The function returns:
1. **`mode`**: The most frequent value(s)
2. **`count`**: How many times that value appears

### Key Points:
- Works with the **`axis`** parameter (just like `max`, `min`, etc.)
- **`axis=None`**: Finds mode across entire flattened array
- **`axis=0`**: Finds mode down each column (vertically ↓)
- **`axis=1`**: Finds mode across each row (horizontally →)
- If multiple values have the same highest frequency, it returns the **smallest** value
- **New in SciPy 1.9+**: Returns a `ModeResult` object with `.mode` and `.count` attributes

In [29]:
from scipy import stats
import numpy as np

# Example 1: Simple array with clear mode
arr1 = np.array([1, 2, 2, 3, 3, 3, 4, 4])
result1 = stats.mode(arr1)
print("Array 1:", arr1)
print("Mode:", result1.mode)
print("Count:", result1.count)
print()

# Example 2: 2D array
arr2 = np.array([[1, 2, 2, 3],
                 [2, 3, 3, 1],
                 [2, 1, 3, 3]])

print("Array 2:")
print(arr2)
print()

# Mode across entire array (axis=None)
result_all = stats.mode(arr2, axis=None)
print("Mode (entire array):", result_all.mode)
print("Count:", result_all.count)
print()

# Mode down each column (axis=0)
result_col = stats.mode(arr2, axis=0)
print("Mode (axis=0, down columns):", result_col.mode)
print("Count:", result_col.count)
print()

# Mode across each row (axis=1)
result_row = stats.mode(arr2, axis=1)
print("Mode (axis=1, across rows):", result_row.mode)
print("Count:", result_row.count)

Array 1: [1 2 2 3 3 3 4 4]
Mode: 3
Count: 3

Array 2:
[[1 2 2 3]
 [2 3 3 1]
 [2 1 3 3]]

Mode (entire array): 3
Count: 5

Mode (axis=0, down columns): [2 1 3 3]
Count: [2 1 2 2]

Mode (axis=1, across rows): [2 3 3]
Count: [2 2 2]


### Visual Breakdown of Mode Calculation:

For the array:
```
        Col 0  Col 1  Col 2  Col 3
Row 0:    1      2      2      3
Row 1:    2      3      3      1
Row 2:    2      1      3      3
```

**axis=0 (↓ down columns)**:
- Column 0: [1, 2, 2] → mode is **2** (appears 2 times)
- Column 1: [2, 3, 1] → mode is **1** (all appear once, returns smallest)
- Column 2: [2, 3, 3] → mode is **3** (appears 2 times)
- Column 3: [3, 1, 3] → mode is **3** (appears 2 times)

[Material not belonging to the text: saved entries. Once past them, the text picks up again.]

lemma gram_schmidt_residual:
  assumes gram: "uniform_gram r n f g" and stage: "gram_schmidt_stage r n f k w h N"
    and e: "\<And>i. e i = (\<lambda>p. f i N p - (\<Sum>b<k. h b N * w i b p))"
    and H: "\<And>\<alpha>. H \<alpha> = g N \<alpha> - (\<Sum>b<k. cnj (h b N) * h b \<alpha>)"
    and i: "i < n" and i': "i' < n"
  shows "b < k \<Longrightarrow> cinner r (w i b) (e i') = 0"
    and "cinner r (e i) (f i' \<alpha>) = (if i = i' then H \<alpha> else 0)"
    and "cinner r (e i) (e i') = (if i = i' then H N else 0)"
proof -
  have orth: "cinner r (w a b) (w a' b') = (if a = a' \<and> b = b' then 1 else 0)"
    if "a < n" "a' < n" "b < k" "b' < k" for a a' b b'
    using stage that orthonormalD[of r "{..<n} \<times> {..<k}" "\<lambda>(i, b). w i b" "(a, b)" "(a', b')"]
    by (simp add: gram_schmidt_stage_def)
  have coeff: "cinner r (w a b) (f a' \<alpha>) = (if a = a' then h b \<alpha> else 0)"
    if "a < n" "a' < n" "b < k" for a a' b \<alpha>
    using stage that by (simp add: gram_schmidt_stage_def)
  have perp: "cinner r (w a b) (e a') = 0" if "a < n" "a' < n" "b < k" for a a' b
  proof -
    have "(\<Sum>b'<k. h b' N * cinner r (w a b) (w a' b'))
        = (\<Sum>b'<k. if a = a' \<and> b' = b then h b' N else 0)"
      by (rule sum.cong) (auto simp: orth that)
    also have "\<dots> = (if a = a' then h b N else 0)"
      using that(3) by (cases "a = a'") simp_all
    finally show ?thesis unfolding e cinner_diff_sum_right using coeff[OF that] by simp
  qed
  have residual_f: "cinner r (e a) (f a' \<alpha>) = (if a = a' then H \<alpha> else 0)" if "a < n" "a' < n" for a a' \<alpha>
  proof -
    have "(\<Sum>b<k. cnj (h b N) * cinner r (w a b) (f a' \<alpha>))
        = (if a = a' then \<Sum>b<k. cnj (h b N) * h b \<alpha> else 0)"
      by (cases "a = a'") (simp_all add: coeff that)
    then show ?thesis
      unfolding e cinner_diff_sum_left H using gram that by (simp add: uniform_gram_def)
  qed
  have "(\<Sum>b<k. h b N * cinner r (e a) (w a' b)) = 0" if "a < n" "a' < n" for a a'
    using perp[OF that(2,1)] by (subst cinner_commute) simp
  then have residual_e: "cinner r (e a) (e a') = (if a = a' then H N else 0)" if "a < n" "a' < n" for a a'
    using that by (subst (2) e) (simp add: cinner_diff_sum_right residual_f)
  show "b < k \<Longrightarrow> cinner r (w i b) (e i') = 0" using perp i i' by blast
  show "cinner r (e i) (f i' \<alpha>) = (if i = i' then H \<alpha> else 0)" using residual_f i i' .
  show "cinner r (e i) (e i') = (if i = i' then H N else 0)" using residual_e i i' .
qed
definition phi_ord :: "nat \<Rightarrow> nat set \<Rightarrow> nat set list \<Rightarrow> nat set list \<times> nat set list" where
  "phi_ord n J Ps = (let r = (THE r. 1 \<le> r \<and> r \<le> length Ps \<and> \<Union>(set (take r Ps)) = J) in
      (map (\<lambda>I. u J ` I) (take r Ps), map (\<lambda>I. u (Kc n J) ` I) (drop r Ps)))"

definition phi :: "nat \<Rightarrow> nat set \<Rightarrow> nat set set \<Rightarrow> nat set set \<times> nat set set" where
  "phi n J P = ((\<lambda>I. u J ` I) ` {I \<in> P. I \<subseteq> J},
                (\<lambda>I. u (Kc n J) ` I) ` {I \<in> P. I \<subseteq> Kc n J})"

definition mu :: "(nat \<Rightarrow> real) \<Rightarrow> nat set \<Rightarrow> nat \<Rightarrow> real" where
  "mu lam J r = lam (elem_at J r)"

definition nu :: "nat \<Rightarrow> (nat \<Rightarrow> real) \<Rightarrow> nat set \<Rightarrow> nat \<Rightarrow> real" where
  "nu n lam J r = lam (elem_at (Kc n J) r)"

end

theory Submission
  imports Defs
begin

(* Lowering lambda by delta on J lowers s_K by delta * |K inter J|: this makes
   s_J = 0 but keeps s_K > 0 for every other K with s_K > 0 (for K a proper subset of J by the
   minimality of |J|, otherwise because |K inter J| < |K|). So lambda and lambda' admit the same
   partitions, except the lambda-admissible ones in which J is the union of an initial segment of
   blocks. Such a partition is a partition of J followed by one of its complement K. Relabelling
   both halves order-preservingly turns lambda-admissibility into mu- and nu-admissibility, since
   s_(J union V) > 0 iff s_V > 0 for nonempty V inside K. For the signs, sigma_0 composed with
   sigma_P^-1 is sigma_P1^-1 beside the shift of sigma_P2^-1 by |J|, and eps' is multiplicative
   under concatenation since every |I| * (|I| - 1) is even. *)

lemma bij_betw_Int:
  assumes "bij_betw f A B" "\<And>x. x \<in> A \<Longrightarrow> f x \<in> D \<longleftrightarrow> x \<in> C" "D \<subseteq> B"
  shows "bij_betw f (A \<inter> C) D"
proof (rule bij_betw_subset[OF assms(1)])
  show "f ` (A \<inter> C) = D"
    using assms bij_betw_imp_surj_on[OF assms(1)] by blast
qed simp
lemma W12_continuous:
  assumes "W12 T a"
  shows "continuous_on {-T..0} a"
proof -
  obtain a' where L: "L2 T a'" and eq: "\<forall>t\<in>{-T..0}. a t = a (-T) + (LINT s:{-T..t}|lborel. a' s)"
    using assms unfolding W12_def by blast
  have si: "set_integrable lborel {-T..0} a'" by (rule L2_set_integrable[OF L])
  have "a (-T) + integral {-T..t} a' = a t" if "t \<in> {-T..0}" for t
  proof -
    have "(LINT s:{-T..t}|lborel. a' s) = integral {-T..t} a'"
      by (rule set_borel_integral_eq_integral(2)[OF set_integrable_subset[OF si]]) (use that in auto)
    moreover have "a t = a (-T) + (LINT s:{-T..t}|lborel. a' s)" using eq that by blast
    ultimately show ?thesis by linarith
  qed
  moreover have "continuous_on {-T..0} (\<lambda>t. a (-T) + integral {-T..t} a')"
    by (intro continuous_on_add continuous_on_const indefinite_integral_continuous_1
        set_borel_integral_eq_integral(1)[OF si])
  ultimately show ?thesis using continuous_on_eq by blast
qed

lemma first_nonpositive_time:
  fixes v :: "real \<Rightarrow> real"
  assumes cont: "continuous_on {st..} v" and v0: "v st > 0" and t: "t \<ge> st" "v t \<le> 0"
  obtains t1 where "st < t1" "v t1 = 0" "\<And>\<tau>. st \<le> \<tau> \<Longrightarrow> \<tau> < t1 \<Longrightarrow> v \<tau> > 0"
proof -
  define S where "S = {\<tau> \<in> {st..}. v \<tau> \<le> 0}"
  have clS: "closed S" unfolding S_def
    by (rule continuous_on_closed_Collect_le[OF cont]) (auto intro: continuous_intros)
  have bdd: "bdd_below S" by (auto simp: S_def bdd_below_def)
  define t1 where "t1 = Inf S"
  have "t1 \<in> S" unfolding t1_def using closed_contains_Inf[OF _ bdd clS] t by (auto simp: S_def)
  hence t1ge: "t1 \<ge> st" and vt1: "v t1 \<le> 0" by (auto simp: S_def)
  have pos: "v \<tau> > 0" if "st \<le> \<tau>" "\<tau> < t1" for \<tau>
  proof (rule ccontr)
    assume "\<not> v \<tau> > 0"
    hence "t1 \<le> \<tau>" unfolding t1_def using bdd that by (auto simp: S_def intro: cInf_lower)
    thus False using that by simp
  qed
  have t1gt: "t1 > st" using t1ge vt1 v0 by (cases "t1 = st") auto
  have "v t1 \<ge> 0"
  proof (rule ccontr)
    assume neg: "\<not> v t1 \<ge> 0"
    from cont t1ge have "\<forall>e>0. \<exists>d>0. \<forall>x'\<in>{st..}. dist x' t1 < d \<longrightarrow> dist (v x') (v t1) < e"
      unfolding continuous_on_iff by auto
    then obtain d where d: "d > 0" "\<forall>x'\<in>{st..}. dist x' t1 < d \<longrightarrow> dist (v x') (v t1) < - v t1"
      using neg by (meson neg_0_less_iff_less not_le)
    define x' where "x' = max st (t1 - d/2)"
    have "dist (v x') (v t1) < - v t1" using d t1gt by (auto simp: x'_def dist_real_def)
    moreover have "v x' > 0" using pos[of x'] d t1gt by (auto simp: x'_def)
    ultimately show False by (auto simp: dist_real_def)
  qed
  thus ?thesis using that t1gt vt1 pos by simp
qed

text \<open>This is the common core of positivity and comparison.\<close>

lemma positivity_barrier:
  fixes v :: "real \<Rightarrow> real" and st K :: real
  assumes cont: "continuous_on {st..} v" and v0: "v st > 0" and K: "K \<ge> 0"
    and decrease: "\<And>u t B. st \<le> u \<Longrightarrow> u \<le> t \<Longrightarrow> (\<And>\<tau>. \<tau>\<in>{st..t} \<Longrightarrow> 0 \<le> v \<tau>)
               \<Longrightarrow> (\<And>\<tau>. \<tau>\<in>{u..t} \<Longrightarrow> v \<tau> \<le> B) \<Longrightarrow> v t - v u \<ge> - K * (t - u) * B"
    and t: "t \<ge> st"
  shows "v t > 0"
proof (rule ccontr)
  assume "\<not> v t > 0"
  then obtain t1 where t1: "st < t1" "v t1 = 0" and pos: "\<And>\<tau>. st \<le> \<tau> \<Longrightarrow> \<tau> < t1 \<Longrightarrow> v \<tau> > 0"
    using first_nonpositive_time[OF cont v0 t] by (metis not_less)
  have nn: "0 \<le> v \<tau>" if "\<tau> \<in> {st..t1}" for \<tau>
    using pos[of \<tau>] t1 that by (cases "\<tau> = t1") auto
  text \<open>On a short interval [u,t1] the maximum p of v would lose at most half its value.\<close>
  define u where "u = max st (t1 - 1/(2*K+2))"
  have u: "st \<le> u" "u < t1" "t1 - u \<le> 1/(2*K+2)" using t1 K by (auto simp: u_def)
  have "\<exists>p\<in>{u..t1}. \<forall>y\<in>{u..t1}. v y \<le> v p"
    by (rule continuous_attains_sup) (use u in \<open>auto intro: continuous_on_subset[OF cont]\<close>)
  then obtain p where p: "p \<in> {u..t1}" "\<And>y. y\<in>{u..t1} \<Longrightarrow> v y \<le> v p" by blast
  have m: "v p > 0" using p(2)[of u] u pos[of u] by auto
  have h: "v t1 - v p \<ge> - K * (t1 - p) * v p"
    by (rule decrease) (use p u nn in auto)
  have "K * (t1 - p) \<le> K * (1/(2*K+2))" using p u K by (intro mult_left_mono) auto
  also have "\<dots> \<le> 1/2" using K by (simp add: field_simps)
  finally have "K * (t1 - p) * v p \<le> 1/2 * v p" using m by (intro mult_right_mono) auto
  hence "v t1 \<ge> v p / 2" using h by simp
  thus False using m t1 by simp
qed

lemma integral_lower_bound:
  fixes f :: "real \<Rightarrow> real"
  assumes "f integrable_on {u..t}" "u \<le> t" "\<And>s. s \<in> {u..t} \<Longrightarrow> f s \<ge> C"
  shows "integral {u..t} f \<ge> (t - u) * C"
  using integral_le[OF integrable_const_ivl assms(1), of C] assms by simp

lemma has_integral_derivative_real:
  assumes "\<And>s. (g has_real_derivative g' s) (at s)" "u \<le> t"
  shows "(g' has_integral g t - g u) {u..t}"
  by (rule fundamental_theorem_of_calculus[OF assms(2)])
     (use assms(1) in \<open>auto simp: has_real_derivative_iff_has_vector_derivative[symmetric]
                        intro: has_field_derivative_at_within\<close>)

text \<open>Increments of x + w, where x is an indefinite integral of f and w is differentiable,
  are bounded below by (t - u) C once f + w' \<ge> C; this is how the barrier hypothesis is
  verified for solutions.\<close>

lemma increment_lower_bound:
  fixes x w :: "real \<Rightarrow> real"
  assumes f_int: "f integrable_on {u..t}" and incr: "x t - x u = integral {u..t} f"
    and w': "\<And>s. (w has_real_derivative w' s) (at s)" and ut: "u \<le> t"
    and bound: "\<And>s. s \<in> {u..t} \<Longrightarrow> f s + w' s \<ge> C"
  shows "(x t + w t) - (x u + w u) \<ge> (t - u) * C"
proof -
  have hi: "(w' has_integral w t - w u) {u..t}" by (rule has_integral_derivative_real[OF w' ut])
  note fw_int = integrable_add[OF f_int has_integral_integrable[OF hi]]
  have "(x t + w t) - (x u + w u) = integral {u..t} (\<lambda>s. f s + w' s)"
    using integral_add[OF f_int has_integral_integrable[OF hi]] integral_unique[OF hi] incr by simp
  also have "\<dots> \<ge> (t - u) * C" by (rule integral_lower_bound[OF fw_int ut bound])
  finally show ?thesis .
qed

lemma power_has_integral:
  assumes "t \<ge> (0::real)"
  shows "((\<lambda>s. C * s^k) has_integral C * t^(Suc k) / Suc k) {0..t}"
proof -
  have "((\<lambda>s. C * s^(Suc k) / Suc k) has_real_derivative C * (Suc k * s^k) / Suc k) (at s)" for s :: real
    by (intro derivative_eq_intros) auto
  from has_integral_derivative_real[OF this assms] show ?thesis by simp
qed

lemma exp_series_term_tendsto_zero: "(\<lambda>k. D * x^k / fact k) \<longlonglongrightarrow> (0::real)"
proof -
  have "(\<lambda>k. inverse (fact k) * x^k) \<longlonglongrightarrow> (0::real)"
    by (rule summable_LIMSEQ_zero[OF summable_exp])
  hence "(\<lambda>k. D * (inverse (fact k) * x^k)) \<longlonglongrightarrow> D * 0" by (intro tendsto_mult tendsto_const)
  thus ?thesis by (simp add: field_simps)
qed
(* For $\mathbb P=\mathrm{Cauchy}(l_1,s_1)$, $\mathbb Q=\mathrm{Cauchy}(l_2,s_2)$ ($l_i\in\mathbb R$, $s_i>0$), one has $\rho_\alpha(\mathbb P,\mathbb Q)=\rho_{1-\alpha}(\mathbb P,\mathbb Q)$ for all $\alpha\in[0,1]$. Consequently, if $\mathbb P\ne\mathbb Q$, the maximiser of $\alpha\mapsto D_{B,\alpha}(\mathbb P,\mathbb Q)$ over $[0,1]$ is unique and equals $\alpha^*=1/2$, so $D_C(\mathbb P,\mathbb Q)=D_{B,1/2}(\mathbb P,\mathbb Q)$; if $\mathbb P=\mathbb Q$, $D_{B,\alpha}\equiv0$ and every $\alpha\in[0,1]$ is a maximiser.
   Context: Cauchy density $p_{l,s}(x)=\frac{s}{\pi(s^2+(x-l)^2)}$ on $\mathbb R$ w.r.t. Lebesgue measure. Unweighted quantities: $\rho_\alpha(\mathbb P,\mathbb Q)=\int_{\mathbb R}p_{l_1,s_1}(x)^\alpha p_{l_2,s_2}(x)^{1-\alpha}\,\mathrm dx$, $D_{B,\alpha}=-\ln\rho_\alpha$, $D_C(\mathbb P,\mathbb Q)=\max_{\alpha\in[0,1]}D_{B,\alpha}(\mathbb P,\mathbb Q)$. *)

theory Defs
  imports "HOL-Analysis.Analysis"
begin

definition cauchy_pdf :: "real \<Rightarrow> real \<Rightarrow> real \<Rightarrow> real" where
  "cauchy_pdf l s x = s / (pi * (s\<^sup>2 + (x - l)\<^sup>2))"

definition rho :: "real \<Rightarrow> real \<Rightarrow> real \<Rightarrow> real \<Rightarrow> real \<Rightarrow> real" where
  "rho \<alpha> l1 s1 l2 s2 =
     (\<integral>x. (cauchy_pdf l1 s1 x) powr \<alpha> * (cauchy_pdf l2 s2 x) powr (1 - \<alpha>) \<partial>lborel)"

definition D_B :: "real \<Rightarrow> real \<Rightarrow> real \<Rightarrow> real \<Rightarrow> real \<Rightarrow> real" where
  "D_B \<alpha> l1 s1 l2 s2 = - ln (rho \<alpha> l1 s1 l2 s2)"

definition D_C :: "real \<Rightarrow> real \<Rightarrow> real \<Rightarrow> real \<Rightarrow> real" where
  "D_C l1 s1 l2 s2 = (SUP \<alpha>\<in>{0..1}. D_B \<alpha> l1 s1 l2 s2)"

end

theory Submission
  imports Defs "HOL-Probability.Sinc_Integral"
begin

text \<open>
  Write \<open>\<rho>(\<alpha>; f, g) = \<integral> f\<^sup>\<alpha> g\<^sup>1\<^sup>-\<^sup>\<alpha>\<close>. Trivially \<open>\<rho>(1 - \<alpha>; f, g) = \<rho>(\<alpha>; g, f)\<close>, so the
  symmetry in \<open>\<alpha>\<close> says that \<open>\<rho>\<close> does not change when the two densities are exchanged.
  For two Cauchy densities the exchange is realised by a change of variables: the reflection
  about \<open>(l1 + l2) / 2\<close> if \<open>s1 = s2\<close>, and otherwise the inversion in a circle centred on
  the real line, i.e. the hyperbolic reflection of the upper half-plane that swaps the points
  \<open>l1 + i s1\<close> and \<open>l2 + i s2\<close>.

  Given the symmetry, \<open>\<rho>(1/2; f, g) = \<integral> sqrt (f g)\<close> is at most the mean of \<open>\<rho>(\<alpha>; f, g)\<close>
  and \<open>\<rho>(1 - \<alpha>; f, g)\<close> by pointwise AM-GM, strictly wherever \<open>f \<noteq> g\<close> and \<open>\<alpha> \<noteq> 1/2\<close>. By
  continuity that happens on an interval, so \<open>\<rho>(1/2) < \<rho>(\<alpha>)\<close>, and \<open>\<alpha> = 1/2\<close> is the unique
  maximiser of \<open>D\<^sub>B = - ln \<rho>\<close>.
\<close>

section \<open>Chernoff coefficients of positive integrable functions\<close>

definition chernoff_coeff :: "(real \<Rightarrow> real) \<Rightarrow> (real \<Rightarrow> real) \<Rightarrow> real \<Rightarrow> real" where
  "chernoff_coeff f g \<alpha> = (\<integral>x. f x powr \<alpha> * g x powr (1 - \<alpha>) \<partial>lborel)"

lemma chernoff_coeff_commute: "chernoff_coeff g f \<alpha> = chernoff_coeff f g (1 - \<alpha>)"
  unfolding chernoff_coeff_def by (simp add: mult.commute)

lemma chernoff_coeff_self:
  assumes "\<And>x. f x > 0"
  shows "chernoff_coeff f f \<alpha> = (\<integral>x. f x \<partial>lborel)"
  unfolding chernoff_coeff_def
  by (intro Bochner_Integration.integral_cong) (simp_all add: powr_add[symmetric] abs_of_pos assms)

lemma integral_pos_if_pos_on_ball:
  fixes Z :: "real \<Rightarrow> real"
  assumes Z: "integrable lborel Z" "\<And>x. Z x \<ge> 0"
    and e: "e > 0" and pos: "\<And>x. x \<in> ball x0 e \<Longrightarrow> Z x > 0"
  shows "(\<integral>x. Z x \<partial>lborel) > 0"
proof -
  have "(\<integral>x. Z x \<partial>lborel) \<noteq> 0"
  proof
    assume "(\<integral>x. Z x \<partial>lborel) = 0"
    then have "AE x in lborel. Z x = 0"
      using integral_nonneg_eq_0_iff_AE[OF Z(1)] Z(2) by simp
    then have "AE x in lborel. x \<notin> ball x0 e"
      by eventually_elim (use pos in force)
    then have "emeasure lborel (ball x0 e) = 0"
      by (subst (asm) AE_iff_measurable[of "ball x0 e"]) auto
    then show False
      using e by (simp add: ball_eq_greaterThanLessThan)
  qed
  then show ?thesis
    using Z(2) by (simp add: order_less_le)
qed
lemma resolvent_mem:
  assumes "max_monotone_op M"
  shows "w - resolvent M w \<in> M (resolvent M w)"
proof -
  obtain x where "w - x \<in> M x" using max_monotone_op_minty[OF assms] by blast
  with resolvent_eqI[OF max_monotone_op_monotone[OF assms]] show ?thesis by simp
qed

section \<open>Cocoercive operators\<close>

lemma cocoercive_opD:
  "cocoercive_op \<beta> M \<Longrightarrow> u \<in> M x \<Longrightarrow> v \<in> M y \<Longrightarrow> \<beta> * (norm (u - v))\<^sup>2 \<le> inner (u - v) (x - y)"
  unfolding cocoercive_op_def by blast

lemma cocoercive_op_scaleR:
  assumes "cocoercive_op \<beta> B" and "\<beta> \<ge> 0" and "u \<in> B x" and "v \<in> B y"
  shows "(norm (\<beta> *\<^sub>R (u - v)))\<^sup>2 \<le> inner (\<beta> *\<^sub>R (u - v)) (x - y)"
proof -
  have "\<beta> * (\<beta> * (norm (u - v))\<^sup>2) \<le> \<beta> * inner (u - v) (x - y)"
    using cocoercive_opD[OF assms(1,3,4)] assms(2) by (rule mult_left_mono)
  then show ?thesis using assms(2) by (simp add: power2_eq_square mult_ac)
qed

lemma cocoercive_op_norm_le:
  assumes "cocoercive_op \<beta> B" and "u \<in> B x" and "v \<in> B y"
  shows "\<beta> * norm (u - v) \<le> norm (x - y)"
proof (cases "u = v")
  case False
  have "\<beta> * (norm (u - v))\<^sup>2 \<le> inner (u - v) (x - y)" by (rule cocoercive_opD[OF assms])
  also have "\<dots> \<le> norm (u - v) * norm (x - y)" by (rule norm_cauchy_schwarz)
  finally show ?thesis using False by (simp add: power2_eq_square mult.assoc[symmetric])
qed simp

lemma max_monotone_cocoercive_op_nonempty:
  assumes B: "max_monotone_op B" and "\<beta> > 0" and co: "cocoercive_op \<beta> B"
  shows "\<exists>v. v \<in> B x"
proof -
  \<comment> \<open>\<open>C = \<beta>\<inverse> B\<inverse> - I\<close> is maximally monotone because \<open>B\<close> is \<open>\<beta>\<close>-cocoercive\<close>
  define C where "C v = {s. v \<in> B (\<beta> *\<^sub>R (s + v))}" for v
  have C_mem: "y /\<^sub>R \<beta> - u \<in> C u" if "u \<in> B y" for u y
    unfolding C_def using that \<open>\<beta> > 0\<close> by (simp add: algebra_simps)
  have key: "inner (v - v') (\<beta> *\<^sub>R (s + v) - \<beta> *\<^sub>R (s' + v'))
      = \<beta> * (inner (s - s') (v - v') + (norm (v - v'))\<^sup>2)" for s s' v v' :: 'a
    by (simp add: inner_diff_left inner_diff_right inner_add_right power2_norm_eq_inner
        inner_commute algebra_simps)
  have "max_monotone_op C" unfolding max_monotone_op_def monotone_op_def
  proof (intro conjI allI impI)
    fix s s' v v' assume "s \<in> C v" "s' \<in> C v'"
    then have "\<beta> * (norm (v - v'))\<^sup>2 \<le> inner (v - v') (\<beta> *\<^sub>R (s + v) - \<beta> *\<^sub>R (s' + v'))"
      unfolding C_def mem_Collect_eq by (rule cocoercive_opD[OF co])
    then show "0 \<le> inner (s - s') (v - v')" using \<open>\<beta> > 0\<close> unfolding key by simp
  next
    fix v s assume H: "\<forall>v' s'. s' \<in> C v' \<longrightarrow> 0 \<le> inner (s - s') (v - v')"
    have "v \<in> B (\<beta> *\<^sub>R (s + v))"
    proof (rule max_monotone_opI[OF B])
      fix y u assume "u \<in> B y"
      then have "0 \<le> inner (s - (y /\<^sub>R \<beta> - u)) (v - u)" using H C_mem by blast
      then show "0 \<le> inner (v - u) (\<beta> *\<^sub>R (s + v) - y)"
        using key[where s' = "y /\<^sub>R \<beta> - u" and v' = u] \<open>\<beta> > 0\<close> by simp
    qed
    then show "s \<in> C v" unfolding C_def by simp
  qed
  then obtain v where "x /\<^sub>R \<beta> - v \<in> C v" using max_monotone_op_minty by blast
  then have "v \<in> B x" unfolding C_def using \<open>\<beta> > 0\<close> by simp
  then show ?thesis ..
qed

lemma max_monotone_cocoercive_op_single_valued:
  assumes "max_monotone_op B" and "\<beta> > 0" and co: "cocoercive_op \<beta> B"
  obtains f where "\<And>x. B x = {f x}" and "(1 / \<beta>)-lipschitz_on UNIV f"
proof
  define f where "f x = (SOME v. v \<in> B x)" for x
  have f_mem: "f x \<in> B x" for x
    unfolding f_def using max_monotone_cocoercive_op_nonempty[OF assms] by (rule someI_ex)
  have f_le: "\<beta> * norm (u - f y) \<le> norm (x - y)" if "u \<in> B x" for u x y
    using cocoercive_op_norm_le[OF co that f_mem] .
  show "B x = {f x}" for x
    using f_le[of _ x x] f_mem \<open>\<beta> > 0\<close> by (auto simp: mult_le_0_iff)
  show "(1 / \<beta>)-lipschitz_on UNIV f"
    using f_le[OF f_mem] \<open>\<beta> > 0\<close> by (intro lipschitz_onI) (auto simp: dist_norm field_simps)
qed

**axis=1 (→ across rows)**:
- Row 0: [1, 2, 2, 3] → mode is **2** (appears 2 times)
- Row 1: [2, 3, 3, 1] → mode is **3** (appears 2 times)
- Row 2: [2, 1, 3, 3] → mode is **3** (appears 2 times)

**Entire array (axis=None)**:
- All values: [1, 1, 1, 2, 2, 2, 2, 3, 3, 3, 3, 3]
- Mode is **3** (appears 5 times)

## Mode - Example Code

In [4]:
import numpy as np
from scipy import stats

myArray = np.array([[10, 20, 20],
                    [50, 60, 70 ],
                    [10, 60, 10]])

print(stats.mode(myArray))

ModeResult(mode=array([10, 60, 10], dtype=int64), count=array([2, 2, 1], dtype=int64))


## Important: Default Behavior of `stats.mode()`

When **no axis** is specified, `stats.mode()` **flattens the array** (axis=None), not axis=0!